Even though all military activities ceased by 6 August 1933, exaggerated stories of atrocities committed by the Assyrians at Dirabun and anti-Christian propaganda gained currency while rumors circulated that the Christians were planning to blow up bridges and poison drinking water in major Iraqi cities. The Iraqi Army, led by Bakr Sidqi, an experienced brigadier general and Iraqi nationalist, moved north in order to crush the Assyrian revolt.
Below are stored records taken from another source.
definition alt_roy_model ::
  "'a measure \<Rightarrow> ('a \<Rightarrow> bool) \<Rightarrow> ('a \<Rightarrow> bool) \<Rightarrow> ('a \<Rightarrow> bool) \<Rightarrow> ('a \<Rightarrow> bool)
   \<Rightarrow> ('a \<Rightarrow> real) \<Rightarrow> ('a \<Rightarrow> real) \<Rightarrow> bool" where
  "alt_roy_model M Y D Y0 Y1 Y0s Y1s \<longleftrightarrow>
     (\<forall>\<omega>\<in>space M. Y \<omega> = (if D \<omega> then Y1 \<omega> else Y0 \<omega>)) \<and>
     (\<forall>\<omega>\<in>space M. Y0 \<omega> = (Y0s \<omega> > 0) \<and> Y1 \<omega> = (Y1s \<omega> > 0)) \<and>
     (AE \<omega> in M. (Y1s \<omega> > Y0s \<omega> \<longrightarrow> D \<omega>) \<and> (Y1s \<omega> < Y0s \<omega> \<longrightarrow> \<not> D \<omega>))"

text \<open>Independence of two random variables with possibly different codomains
  (the library's indep_var requires a common codomain type).\<close>
definition indep_rv ::
  "'a measure \<Rightarrow> 'b measure \<Rightarrow> ('a \<Rightarrow> 'b) \<Rightarrow> 'c measure \<Rightarrow> ('a \<Rightarrow> 'c) \<Rightarrow> bool" where
  "indep_rv M Ma X Mb W \<longleftrightarrow>
     X \<in> measurable M Ma \<and> W \<in> measurable M Mb \<and>
     (\<forall>A \<in> sets Ma. \<forall>B \<in> sets Mb.
        measure M (X -` A \<inter> W -` B \<inter> space M) =
        measure M (X -` A \<inter> space M) * measure M (W -` B \<inter> space M))"

end

theory Submission
  imports Defs
begin

text \<open>
  Validity: under the Roy model a unit of latent type (Y0, Y1) = (1, 0) is almost surely observed
  with Y = 1 and D = 0. As the type is independent of Z, for every Borel set B
  P(Y0 = 1, Y1 = 0) P(Z \<in> B) \<le> P(Y = 1, D = 0, Z \<in> B) = E[g10(Z); Z \<in> B],
  which forces P(Y0 = 1, Y1 = 0) \<le> g10 almost everywhere; symmetrically for the type (0, 1),
  and the type (0, 0) coincides almost surely with the event Y = 0.

  Sharpness: enlarge the probability space by a latent type drawn from a conditional law given
  (Y, D, Z). Units with Y = 0 get type (0, 0); units with Y = 1, D = 0 get type (1, 0) with
  probability p10 / g10(Z) and type (1, 1) otherwise, and symmetrically for D = 1. Then
  P(type (1, 0), Z \<in> B) = E[g10(Z) p10 / g10(Z); Z \<in> B] = p10 P(Z \<in> B), and the independence
  of Y and Z does the same for the type (0, 0); so the type is independent of Z with the
  prescribed law, while (Y, D, Z) keeps its distribution.
\<close>

lemma integral_indicator_vimage:
  assumes "finite_measure M" and [measurable]: "Z \<in> measurable M L" "B \<in> sets L"
  shows "(\<integral>\<omega>. indicator B (Z \<omega>) \<partial>M) = (measure M (Z -` B \<inter> space M) :: real)"
proof -
  interpret finite_measure M by fact
  have "(\<integral>\<omega>. indicator B (Z \<omega>) \<partial>M) = (\<integral>\<omega>. indicator (Z -` B \<inter> space M) \<omega> \<partial>M :: real)"
    by (intro Bochner_Integration.integral_cong) (auto simp: indicator_def)
  then show ?thesis
    using measurable_sets[OF assms(2,3)] by simp
qed

lemma indep_rv_measure_eq:
  assumes "indep_rv M (count_space UNIV) X borel Z" and "B \<in> sets borel"
  shows "measure M ({\<omega>\<in>space M. X \<omega> = c} \<inter> Z -` B \<inter> space M)
    = measure M {\<omega>\<in>space M. X \<omega> = c} * measure M (Z -` B \<inter> space M)"
proof -
  have "{\<omega>\<in>space M. X \<omega> = c} = X -` {c} \<inter> space M"
    and "{\<omega>\<in>space M. X \<omega> = c} \<inter> Z -` B \<inter> space M = X -` {c} \<inter> Z -` B \<inter> space M"
    by auto
  with assms show ?thesis
    unfolding indep_rv_def by simp
qed

lemma AE_in_rv_support:
  fixes Z :: "'a \<Rightarrow> 'z::second_countable_topology"
  assumes "finite_measure M" and Z: "Z \<in> borel_measurable M"
  shows "AE z in distr M borel Z. z \<in> rv_support M Z"
proof -
  interpret finite_measure M by fact
  obtain \<B> :: "'z set set" where \<B>: "countable \<B>" "\<And>C. C \<in> \<B> \<Longrightarrow> open C"
     "\<And>S. open S \<Longrightarrow> \<exists>U. U \<subseteq> \<B> \<and> S = \<Union>U"
    by (rule univ_second_countable) blast
  let ?null = "{C\<in>\<B>. measure M (Z -` C \<inter> space M) = 0}"
  have "(\<Union>C\<in>?null. C) \<in> null_sets (distr M borel Z)"
  proof (rule null_sets_UN')
    show "countable ?null" using \<B>(1) by auto
    fix C assume C: "C \<in> ?null"
    then have "C \<in> sets borel" using \<B>(2) by auto
    with C Z show "C \<in> null_sets (distr M borel Z)"
      by (simp add: null_sets_def emeasure_distr emeasure_eq_measure)
  qed
  moreover have "{z \<in> space (distr M borel Z). z \<notin> rv_support M Z} \<subseteq> (\<Union>C\<in>?null. C)"
  proof
    fix z assume "z \<in> {z \<in> space (distr M borel Z). z \<notin> rv_support M Z}"
    then obtain U where U: "open U" "z \<in> U" "measure M (Z -` U \<inter> space M) = 0"
      by (auto simp: rv_support_def order.strict_iff_order)
    obtain C where C: "C \<in> \<B>" "z \<in> C" "C \<subseteq> U" using \<B>(3)[OF U(1)] U(2) by blast
    have "measure M (Z -` C \<inter> space M) \<le> measure M (Z -` U \<inter> space M)"
      using C U(1) Z by (intro finite_measure_mono) (auto intro: measurable_sets borel_open)
    with U(3) C show "z \<in> (\<Union>C\<in>?null. C)" by (auto intro!: antisym)
  qed
  ultimately show ?thesis by (rule AE_I')
qed

lemma AE_ge_of_set_integral_ge:
  fixes Z :: "'a \<Rightarrow> 'z::topological_space" and g :: "'z \<Rightarrow> real"
  assumes "finite_measure M" and [measurable]: "Z \<in> borel_measurable M" "g \<in> borel_measurable borel"
    and g: "integrable M (\<lambda>\<omega>. g (Z \<omega>))"
    and ge: "\<And>B. B \<in> sets borel \<Longrightarrow> c * measure M (Z -` B \<inter> space M) \<le>
                 set_lebesgue_integral M (Z -` B \<inter> space M) (\<lambda>\<omega>. g (Z \<omega>))"
  shows "AE \<omega> in M. c \<le> g (Z \<omega>)"
proof -
  interpret finite_measure M by fact
  define A where "A = Z -` {z. g z < c} \<inter> space M"
  have [measurable]: "{z. g z < c} \<in> sets borel" "A \<in> sets M"
    unfolding A_def by measurable
  define h where "h \<omega> = indicator A \<omega> * (c - g (Z \<omega>))" for \<omega>
  have h_nonneg: "0 \<le> h \<omega>" for \<omega> by (auto simp: h_def A_def indicator_def)
  have "integrable M (\<lambda>\<omega>. indicator A \<omega> * g (Z \<omega>))"
    using integrable_real_mult_indicator[OF \<open>A \<in> sets M\<close> g] by (simp add: mult.commute)
  then have "integral\<^sup>L M h = c * measure M A - set_lebesgue_integral M A (\<lambda>\<omega>. g (Z \<omega>))"
    unfolding h_def right_diff_distrib set_lebesgue_integral_def
    by (subst Bochner_Integration.integral_diff) (auto simp: mult.commute emeasure_eq_measure)
  also have "\<dots> \<le> 0" using ge[of "{z. g z < c}"] by (simp add: A_def)
  finally have "integral\<^sup>L M h = 0"
    using integral_nonneg_AE[of h M] h_nonneg by (simp add: antisym)
  moreover have "integrable M h"
    using \<open>integrable M (\<lambda>\<omega>. indicator A \<omega> * g (Z \<omega>))\<close>
    unfolding h_def right_diff_distrib by (auto simp: emeasure_eq_measure)
  ultimately have "AE \<omega> in M. h \<omega> = 0" by (simp add: integral_nonneg_eq_0_iff_AE h_nonneg)
  then show ?thesis
    using AE_space by eventually_elim (auto simp: h_def A_def indicator_def split: if_splits)
qed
Iraqi troops started executing every Assyrian male found in the mountainous Bekher region between Zakho and Duhok starting from 8 August 1933. Assyrian civilians were transported in military trucks from Zakho and Dohuk to uninhabited places, in batches of eight or ten, where they were shot with machine guns and run over by heavy armoured cars to make sure no one survived.

===Looting of villages===

While these killings were taking place, nearby Kurdish, Arab and Yazidi tribes were encouraged to loot Assyrian villages. Kurdish tribes of Gulli, Sindi and Selivani were encouraged by the mayor of Zakho to loot villages to the northeast of Simele. Most women and children from those villages took refuge in Simele and Dohuk.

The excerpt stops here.